- Episode no.: Season 1 Episode 3
- Directed by: Robert Butler
- Written by: Lorenzo Semple Jr.
- Production code: 8703-Pt. 1
- Original air date: January 19, 1966 (ABC)

Guest appearances
- David Lewis,; Walter Burke,; Lewis Charles,; Robert Phillips,; Alex D'Arcy,; Johnny Jacobs,; Leslie Parrish,; Dan Tobin; Special Guest Villain: Burgess Meredith as The Penguin;

Episode chronology
| ← Previous "Smack in the Middle" | Next → "The Penguin's a Jinx" |

= Fine Feathered Finks =

"Fine Feathered Finks" is a first-season episode of Batman, first airing as its third episode on ABC January 19, 1966. It was repeated on August 31, 1966, and May 17, 1967. Burgess Meredith made his debut as The Penguin in this episode.

==Plot synopsis==
Awaiting release from prison, the Penguin, the "pompous, waddling master of fowl play", schemes to get Batman to plan his crimes for him; his first step is to attract Batman's attention. Penguin has his henchmen Hawkeye and Sparrow distribute free umbrellas to patrons outside the House of Ali Baba Jewelry store and a local bank. The men passing them out call it a promotion, but the owners of the jewelry store and bank know that they were not hired by them.

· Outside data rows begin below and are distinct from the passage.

(* Let $A(G_1,G_2)$ be an adjacency graph in the SCaJ model and let $B$ be one of its components. Then: (a) if $B$ is an $N$-shaped component, $\#\mathrm{ST}(\{B\})=1$; (b) if $B$ is a $W$-shaped component of size $w\ge 1$, $\#\mathrm{ST}(\{B\})=2^{w-1}$; (c) if $B$ is an $M$-shaped component of size $m\ge1$, $\#\mathrm{ST}(\{B\})=2^{m-1}$; (d) if $B$ is a non-trivial crown of size $c$, $\#\mathrm{ST}(\{B\})=c\cdot 2^{c-1}$.
   Context: A genome is a finite directed graph whose edges (genes) carry pairwise distinct labels, with no isolated vertices and every vertex of total degree 1 or 2. Each gene $X$ has extremities $X^t$ (tail) and $X^h$ (head). A degree-2 vertex is an adjacency, identified with the unordered pair of extremities meeting there; a degree-1 vertex is a telomere, identified with its single extremity. In the Single Cut-and-Join (SCaJ) model the operations are: cut (adjacency $ab$ becomes telomeres $a,b$), join (telomeres $a,b$ become adjacency $ab$), and cut-join (adjacency $ab$ and telomere $c$ become adjacency $ac$ and telomere $b$). The adjacency graph $A(G_1,G_2)$ of two genomes on the same gene set is the bipartite multigraph on $V_1\sqcup V_2$, $V_i$ the adjacencies and telomeres of $G_i$, with as many edges between $u\in V_1$, $v\in V_2$ as shared extremities; operations on $G_1$ act on the vertices of $V_1$ accordingly. Its components are paths and even cycles. The size of a component $B$ is $\lfloor |E(B)|/2\rfloor$. A $W$-shaped component is an even-length path with both endpoints in $V_1$; an $M$-shaped component is an even-length path with both endpoints in $V_2$; an $N$-shaped component is an odd-length path (trivial if it is a single edge); a crown is a cycle, trivial if it has size 1. For a set $\mathcal B'$ of components, $d(\mathcal B')=\sum_{B\in\mathcal B'}\mathrm{size}(B)-\#\{\text{trivial crowns in }\mathcal B'\}+\#\{\text{non-trivial crowns in }\mathcal B'\}$; it is the minimum number of operations that turn all components of $\mathcal B'$ into trivial components without acting on other components. $\#\mathrm{ST}(\mathcal B')$ denotes the number of sequences of $d(\mathcal B')$ operations, acting only on components of $\mathcal B'$ (and the components produced from them), that transform all components of $\mathcal B'$ into trivial components and in which all components of $\mathcal B'$ sort together, where in a scenario two components $A,B$ satisfy $A\sim B$ if $A=B$ or some cut-join joins an extremity of $A$ and an extremity of $B$ into an adjacency, and "sort together" is the transitive closure of $\sim$ (for $|\mathcal B'|=1$ this condition is vacuous). *)

theory Defs
  imports Main
begin

datatype ext = Tail | Head

type_synonym 'g extremity = "'g \<times> ext"

text \<open>A genome on the gene set X is represented by its vertex set: each vertex is
identified with the set of extremities meeting there (an adjacency = 2 extremities,
a telomere = 1 extremity).  No isolated vertices and all degrees 1 or 2 means the
vertex sets form a partition of the extremities of X into blocks of size 1 or 2.\<close>

definition extremities :: "'g set \<Rightarrow> 'g extremity set" where
  "extremities X = X \<times> UNIV"

definition genome :: "'g set \<Rightarrow> 'g extremity set set \<Rightarrow> bool" where
  "genome X G \<longleftrightarrow> finite X \<and> \<Union>G = extremities X
     \<and> (\<forall>u\<in>G. card u = 1 \<or> card u = 2)
     \<and> (\<forall>u\<in>G. \<forall>v\<in>G. u \<noteq> v \<longrightarrow> u \<inter> v = {})"

datatype 'e scaj_op =
    Cut "'e set"
  | Join "'e set"
  | CutJoin 'e 'e 'e      \<comment> \<open>adjacency {a,b} and telomere c become adjacency {a,c} and telomere b\<close>

fun op_valid :: "'e set set \<Rightarrow> 'e scaj_op \<Rightarrow> bool" where
  "op_valid G (Cut s) \<longleftrightarrow> s \<in> G \<and> card s = 2"
| "op_valid G (Join s) \<longleftrightarrow> card s = 2 \<and> (\<forall>x\<in>s. {x} \<in> G)"
| "op_valid G (CutJoin a b c) \<longleftrightarrow> a \<noteq> b \<and> {a, b} \<in> G \<and> {c} \<in> G"

fun op_apply :: "'e set set \<Rightarrow> 'e scaj_op \<Rightarrow> 'e set set" where
  "op_apply G (Cut s) = (G - {s}) \<union> {{x} | x. x \<in> s}"
| "op_apply G (Join s) = (G - {{x} | x. x \<in> s}) \<union> {s}"
| "op_apply G (CutJoin a b c) = (G - {{a, b}, {c}}) \<union> {{a, c}, {b}}"

fun op_ext :: "'e scaj_op \<Rightarrow> 'e set" where
  "op_ext (Cut s) = s"
| "op_ext (Join s) = s"
| "op_ext (CutJoin a b c) = {a, b, c}"

fun valid_seq :: "'e set set \<Rightarrow> 'e scaj_op list \<Rightarrow> bool" where
  "valid_seq G [] = True"
| "valid_seq G (o1 # os) \<longleftrightarrow> op_valid G o1 \<and> valid_seq (op_apply G o1) os"

definition run_seq :: "'e set set \<Rightarrow> 'e scaj_op list \<Rightarrow> 'e set set" where
  "run_seq G os = foldl op_apply G os"

text \<open>The edges of A(G1,G2) are the extremities (the extremity x joins the G1-vertex
and the G2-vertex containing x).  A component is identified with its edge set:
two edges are linked if they share a G1-vertex or a G2-vertex.\<close>

definition link :: "'e set set \<Rightarrow> 'e set set \<Rightarrow> ('e \<times> 'e) set" where
  "link G1 G2 = {(x, y). \<exists>u \<in> G1 \<union> G2. x \<in> u \<and> y \<in> u}"

definition components :: "'e set set \<Rightarrow> 'e set set \<Rightarrow> 'e set set" where
  "components G1 G2 = {(link G1 G2)\<^sup>* `` {x} | x. x \<in> \<Union>G1}"

text \<open>Vertices of A(G1,G2) are tagged Inl (side V1) / Inr (side V2); the degree of a
vertex u in A is card u.  Degree-1 vertices of a component C:\<close>

definition deg1_vertices :: "'e set set \<Rightarrow> 'e set set \<Rightarrow> 'e set \<Rightarrow> ('e set + 'e set) set" where
  "deg1_vertices G1 G2 C =
     Inl ` {u \<in> G1. u \<subseteq> C \<and> card u = 1} \<union> Inr ` {u \<in> G2. u \<subseteq> C \<and> card u = 1}"

text \<open>(All degrees are 1 or 2, so a component is a path iff it has exactly two
degree-1 vertices (its endpoints) and a cycle iff it has none; its length is card C.)\<close>

definition is_path_comp :: "'e set set \<Rightarrow> 'e set set \<Rightarrow> 'e set \<Rightarrow> bool" where
  "is_path_comp G1 G2 C \<longleftrightarrow> card (deg1_vertices G1 G2 C) = 2"

definition is_crown :: "'e set set \<Rightarrow> 'e set set \<Rightarrow> 'e set \<Rightarrow> bool" where
  "is_crown G1 G2 C \<longleftrightarrow> deg1_vertices G1 G2 C = {}"

definition W_shaped :: "'e set set \<Rightarrow> 'e set set \<Rightarrow> 'e set \<Rightarrow> bool" where
  "W_shaped G1 G2 C \<longleftrightarrow> is_path_comp G1 G2 C \<and> even (card C)
     \<and> deg1_vertices G1 G2 C \<subseteq> range Inl"

definition M_shaped :: "'e set set \<Rightarrow> 'e set set \<Rightarrow> 'e set \<Rightarrow> bool" where
  "M_shaped G1 G2 C \<longleftrightarrow> is_path_comp G1 G2 C \<and> even (card C)
     \<and> deg1_vertices G1 G2 C \<subseteq> range Inr"

definition N_shaped :: "'e set set \<Rightarrow> 'e set set \<Rightarrow> 'e set \<Rightarrow> bool" where
  "N_shaped G1 G2 C \<longleftrightarrow> is_path_comp G1 G2 C \<and> odd (card C)"

definition comp_size :: "'e set \<Rightarrow> nat" where
  "comp_size C = card C div 2"

definition trivial_crown :: "'e set set \<Rightarrow> 'e set set \<Rightarrow> 'e set \<Rightarrow> bool" where
  "trivial_crown G1 G2 C \<longleftrightarrow> is_crown G1 G2 C \<and> comp_size C = 1"

definition nontrivial_crown :: "'e set set \<Rightarrow> 'e set set \<Rightarrow> 'e set \<Rightarrow> bool" where
  "nontrivial_crown G1 G2 C \<longleftrightarrow> is_crown G1 G2 C \<and> comp_size C \<noteq> 1"

definition trivial_comp :: "'e set set \<Rightarrow> 'e set set \<Rightarrow> 'e set \<Rightarrow> bool" where
  "trivial_comp G1 G2 C \<longleftrightarrow> (N_shaped G1 G2 C \<and> card C = 1) \<or> trivial_crown G1 G2 C"

definition d_comp :: "'e set set \<Rightarrow> 'e set set \<Rightarrow> 'e set \<Rightarrow> nat" where
  "d_comp G1 G2 B = comp_size B - (if trivial_crown G1 G2 B then 1 else 0)
                     + (if nontrivial_crown G1 G2 B then 1 else 0)"

text \<open>#ST({B}): sequences of d({B}) operations on G1 acting only on B (and the
components produced from it, i.e. only on extremities of B), after which every
component of the resulting adjacency graph lying in B is trivial.  For a single
component the "sort together" condition is vacuous.\<close>

definition nST_single :: "'e set set \<Rightarrow> 'e set set \<Rightarrow> 'e set \<Rightarrow> nat" where
  "nST_single G1 G2 B = card {os. length os = d_comp G1 G2 B
      \<and> (\<forall>o1 \<in> set os. op_ext o1 \<subseteq> B)
      \<and> valid_seq G1 os
      \<and> (\<forall>C \<in> components (run_seq G1 os) G2. C \<subseteq> B \<longrightarrow> trivial_comp (run_seq G1 os) G2 C)}"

While everyone's inside with the umbrellas, they explode and start spinning and cause a distraction, however even though it was the perfect setup for Hawkeye and Sparrow to commit a robbery, no heist was pulled. When Commissioner James Gordon hears of it, he knows Penguin has returned and calls Batman and Robin in to investigate. Along with Warden Crichton, they view Penguin's security camera from prison but are able to find out little on his next crime except he has the idea of somehow making Batman help him. Batman and Robin decide to pay a call on Penguin, who, under the alias K.G. Bird ("cagey bird") now operates an umbrella factory and shop, but they cannot contradict his denials. As soon as they leave, Penguin launches a giant umbrella, featuring a multicolored umbrella (complete with Oswald's hidden transmitter) attached to its handle, from his store's roof.

The umbrella lands in the middle of the street, and the Duo investigate. While they discover nothing special about it beyond its immense size, they do retrieve the normal-sized umbrella that is hanging from the giant's handle. Convinced it's a clue to Penguin's next crime, Batman and Robin take the umbrella back with them to the Batcave to further examine it. Unable to discover the significance of the Batbrella, Batman goes in his true identity as Bruce Wayne inside the umbrella store and, while the Penguin is not looking, he plants a tiny transistor microphone (disguised as a spider) there so they can find out what he's up to.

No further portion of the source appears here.